Async IO problem and OutOfMemory

spark

#1

Hi,

I’m using couchbase 4.1, spark 1.6.2 with spark-connector 1.2.1.

The following code ended with OutOfMemory for large file (more then 50GB):

sc.textFile(file_name)//50G
.map(line =>toJsonObject(line))
.zipWithIndex()//or zipWithUniqueId()
.map(pair=>JsonDocument.create(pair._2.toString, pair._1))
.saveToCouchbase()// OutOfMemory

This problem occurs because of the saveToCouchbase implementation.
Simplified:

rdd.foreachPartition(iter => {
val bucket = CouchbaseConnection().bucket(cbConfig).async()
Observable
.from(OnceIterable(iter))
.flatMap(doc => {bucket.upsert(doc) …/error handling/…})
.toBlocking
.last
})

Sending in Couchbase is slower than reading from a file, leaving the entire partition finally loaded into RAM. (Sorry for my English, if I made a mistake)
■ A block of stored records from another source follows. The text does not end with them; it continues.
lemma linear_on_sum:
  assumes L: "vsubspace L" and f: "linear_on L f" and "finite X" "\<And>x. x \<in> X \<Longrightarrow> g x \<in> L"
  shows "f (sum g X) = (\<Sum>x\<in>X. f (g x))"
  using assms(3,4)
proof (induction X rule: finite_induct)
  case empty
  show ?case using linear_on_zero[OF L f] by (simp only: sum.empty)
next
  case (insert a X)
  have "sum g X \<in> L" using insert by (intro V.subspace_sum[OF L]) auto
  then have "f (g a + sum g X) = f (g a) + f (sum g X)"
    using insert.prems by (intro linear_on_add[OF f]) auto
  moreover have "f (sum g X) = (\<Sum>x\<in>X. f (g x))"
    using insert.IH insert.prems by blast
  ultimately show ?case
    by (simp only: sum.insert[OF insert(1,2)])
qed

lemma linear_on_span_into:
  assumes L: "vsubspace L" and f: "linear_on L f" and S: "vsubspace S"
    and B: "B \<subseteq> L" "\<And>b. b \<in> B \<Longrightarrow> f b \<in> S" and v: "v \<in> vspan B"
  shows "f v \<in> S"
proof -
  have "vsubspace {v \<in> L. f v \<in> S}"
    using L S linear_on_zero[OF L f] linear_on_add[OF f] linear_on_scl[OF f]
    by (auto simp: V.subspace_def)
  then have "vspan B \<subseteq> {v \<in> L. f v \<in> S}"
    using B by (intro V.span_minimal) auto
  then show ?thesis using v by blast
qed

lemma lie_algebra_subspace: "lie_algebra L br \<Longrightarrow> vsubspace L"
  unfolding lie_algebra_def by blast

lemma lie_algebra_closed: "lie_algebra L br \<Longrightarrow> x \<in> L \<Longrightarrow> y \<in> L \<Longrightarrow> br x y \<in> L"
  unfolding lie_algebra_def by blast

lemma lie_algebra_add_left:
  "lie_algebra L br \<Longrightarrow> x \<in> L \<Longrightarrow> y \<in> L \<Longrightarrow> z \<in> L \<Longrightarrow> br (x + y) z = br x z + br y z"
  unfolding lie_algebra_def by blast

lemma lie_algebra_add_right:
  "lie_algebra L br \<Longrightarrow> x \<in> L \<Longrightarrow> y \<in> L \<Longrightarrow> z \<in> L \<Longrightarrow> br z (x + y) = br z x + br z y"
  unfolding lie_algebra_def by blast

lemma lie_algebra_self: "lie_algebra L br \<Longrightarrow> x \<in> L \<Longrightarrow> br x x = 0"
  unfolding lie_algebra_def by blast

lemma lie_algebra_zero_left:
  assumes L: "lie_algebra L br" and x: "x \<in> L"
  shows "br 0 x = 0"
proof -
  have z: "0 \<in> L" using V.subspace_0[OF lie_algebra_subspace[OF L]] .
  have "br (0 + 0) x = br 0 x + br 0 x" by (rule lie_algebra_add_left[OF L z z x])
  then show ?thesis by simp
qed

lemma lie_algebra_zero_right:
  assumes L: "lie_algebra L br" and x: "x \<in> L"
  shows "br x 0 = 0"
proof -
  have z: "0 \<in> L" using V.subspace_0[OF lie_algebra_subspace[OF L]] .
  have "br x (0 + 0) = br x 0 + br x 0" by (rule lie_algebra_add_right[OF L z z x])
  then show ?thesis by simp
qed
(* With $R$, $I$, $\Gamma$, $\mathcal{C}$, $\mathcal{D}$ and $\Xi:\mathcal{C}\to\mathcal{D}$ as in the context, define $\Psi:\mathcal{D}\to\mathcal{C}$ as follows. For $\rho=(M_u,M_v,\psi_e,\psi_f)\in\mathcal{D}$, let $M=(S_1\otimes_{\mathbb{K}}M_u)\oplus M_v$ with $x((rf_1)\otimes m_u,m_v)=((xrf_1)\otimes m_u,\psi_f(m_v))$ and $y((rf_1)\otimes m_u,m_v)=((yrf_1)\otimes m_u+f_1\otimes\psi_e(m_v),\psi_f^{-1}(m_v))$, and let $\alpha$ be the inclusion of $M_v$ into $M$ (with $M/IM$ identified with $M_v$); set $\Psi(\rho)=(M,\alpha)$. For a morphism $\varphi=(\varphi_u,\varphi_v)$ in $\mathcal{D}$ set $\Psi(\varphi)=(\mathrm{id}_{S_1}\otimes\varphi_u)\oplus\varphi_v$. Then $\Psi$ is a functor $\mathcal{D}\to\mathcal{C}$, and $\Xi$ and $\Psi$ induce an equivalence of categories $\mathcal{C}\cong\mathcal{D}$.
   Context: $\mathbb{K}$ is a field, $R=\mathbb{K}\langle x,y\rangle/(xy-1)$, $I=\langle1-yx\rangle$, $f_1=1-yx$, $S_1=Rf_1$. $\Gamma$ is the quiver with vertices $u,v$, an arrow $e:v\to u$ and a loop $f$ at $v$; a representation is $(M_u,M_v,\psi_e:M_v\to M_u,\psi_f:M_v\to M_v)$, and $\mathcal{D}$ is the full subcategory of representations with $\psi_f$ invertible. $\mathcal{C}$ is the category whose objects are weak splitting pairs $(M,\alpha)$: $M$ a left $R$-module and $\alpha:M/IM\to M$ a $\mathbb{K}[x]$-linear splitting of $M\to M/IM$; morphisms $(M,\alpha)\to(N,\beta)$ are $R$-linear $\varphi:M\to N$ with $\operatorname{im}(\varphi\circ\alpha)\subseteq\operatorname{im}\beta$. $\Xi(M,\alpha)=(M_0,\operatorname{im}\alpha,\psi_e,\psi_f)$, where $M_0=\{m\in M:xm=0\}$, $\psi_f$ is multiplication by $x$ on $\operatorname{im}\alpha$, and $\psi_e(m)=m_1$ where $ym=m_1+m_2$ with $m_1\in IM$, $m_2\in\operatorname{im}\alpha$; on morphisms $\Xi$ takes restrictions to $M_0$ and $\operatorname{im}\alpha$. *)

theory Defs
  imports Main "HOL-Library.Function_Algebras" "HOL-Library.Product_Plus"
begin

definition kspace :: "('k::field \<Rightarrow> 'v::ab_group_add \<Rightarrow> 'v) \<Rightarrow> 'v set \<Rightarrow> bool" where
  "kspace s V \<longleftrightarrow> 0 \<in> V \<and> (\<forall>a\<in>V. \<forall>b\<in>V. a + b \<in> V) \<and> (\<forall>a\<in>V. - a \<in> V)
     \<and> (\<forall>c. \<forall>a\<in>V. s c a \<in> V)
     \<and> (\<forall>c. \<forall>a\<in>V. \<forall>b\<in>V. s c (a + b) = s c a + s c b)
     \<and> (\<forall>c d. \<forall>a\<in>V. s (c + d) a = s c a + s d a)
     \<and> (\<forall>c d. \<forall>a\<in>V. s c (s d a) = s (c * d) a)
     \<and> (\<forall>a\<in>V. s 1 a = a)"

definition subsp :: "('k::field \<Rightarrow> 'v::ab_group_add \<Rightarrow> 'v) \<Rightarrow> 'v set \<Rightarrow> 'v set \<Rightarrow> bool" where
  "subsp s W V \<longleftrightarrow> W \<subseteq> V \<and> 0 \<in> W \<and> (\<forall>a\<in>W. \<forall>b\<in>W. a + b \<in> W) \<and> (\<forall>c. \<forall>a\<in>W. s c a \<in> W)"

definition klin :: "('k::field \<Rightarrow> 'a::ab_group_add \<Rightarrow> 'a) \<Rightarrow> ('k \<Rightarrow> 'b::ab_group_add \<Rightarrow> 'b)
    \<Rightarrow> 'a set \<Rightarrow> 'b set \<Rightarrow> ('a \<Rightarrow> 'b) \<Rightarrow> bool" where
  "klin s1 s2 V W f \<longleftrightarrow> f ` V \<subseteq> W \<and> (\<forall>a\<in>V. \<forall>b\<in>V. f (a + b) = f a + f b)
     \<and> (\<forall>c. \<forall>a\<in>V. f (s1 c a) = s2 c (f a))"

text \<open>A left R-module is a K-vector space with K-linear operators x, y such that x(y m) = m.\<close>
record ('k, 'm) rmod =
  car :: "'m set"
  sc :: "'k \<Rightarrow> 'm \<Rightarrow> 'm"
  xo :: "'m \<Rightarrow> 'm"
  yo :: "'m \<Rightarrow> 'm"

definition is_rmod :: "('k::field, 'm::ab_group_add) rmod \<Rightarrow> bool" where
  "is_rmod M \<longleftrightarrow> kspace (sc M) (car M)
     \<and> klin (sc M) (sc M) (car M) (car M) (xo M)
     \<and> klin (sc M) (sc M) (car M) (car M) (yo M)
     \<and> (\<forall>m\<in>car M. xo M (yo M m) = m)"

definition rlin :: "('k::field, 'm::ab_group_add) rmod \<Rightarrow> ('k, 'n::ab_group_add) rmod \<Rightarrow> ('m \<Rightarrow> 'n) \<Rightarrow> bool" where
  "rlin M N f \<longleftrightarrow> klin (sc M) (sc N) (car M) (car N) f
     \<and> (\<forall>m\<in>car M. f (xo M m) = xo N (f m) \<and> f (yo M m) = yo N (f m))"

text \<open>IM for the two-sided ideal I generated by f1 = 1 - yx: the R-submodule of M
  generated by f1 M = {m - y(x m)} (since I M = R f1 R M = R f1 M).\<close>
definition IM :: "('k::field, 'm::ab_group_add) rmod \<Rightarrow> 'm set" where
  "IM M = \<Inter>{N. subsp (sc M) N (car M) \<and> xo M ` N \<subseteq> N \<and> yo M ` N \<subseteq> N
              \<and> (\<lambda>m. m - yo M (xo M m)) ` car M \<subseteq> N}"

definition cos :: "'m::ab_group_add set \<Rightarrow> 'm \<Rightarrow> 'm set" where
  "cos N m = (\<lambda>n. m + n) ` N"

definition quot :: "('k::field, 'm::ab_group_add) rmod \<Rightarrow> 'm set set" where
  "quot M = cos (IM M) ` car M"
A possible solution is rdd.repartition(???).foreachPartition(…), but what I have to replace the ‘???’ if the amount of data is unknown?

The following solution works more well:

val asyncPartitionSize = 1000 // user defined
rdd.foreachPartition(iter => {
val bucket = CouchbaseConnection().bucket(cbConfig).async()
iter.grouped(asyncPartitionSize).map(_.iterator).foreach(partIter => {
Observable
.from(OnceIterable(partIter ))
.flatMap(doc => {bucket.upsert(doc) …/error handling/…})
.toBlocking
.toIterable
.iterator
})
.flatten// lazy flatten Iterator[Iterator[T]] to Iterator[T]
.last
})

Thus I was able to save file size of 300 GB on a cluster with a total RAM of 20 GB.

However, the same problem is apparent when reading the data from the Couchbase using ‘CouchbaseView’, and I could not solve it.

I do not have experience with Apache Spark, maybe I missed something?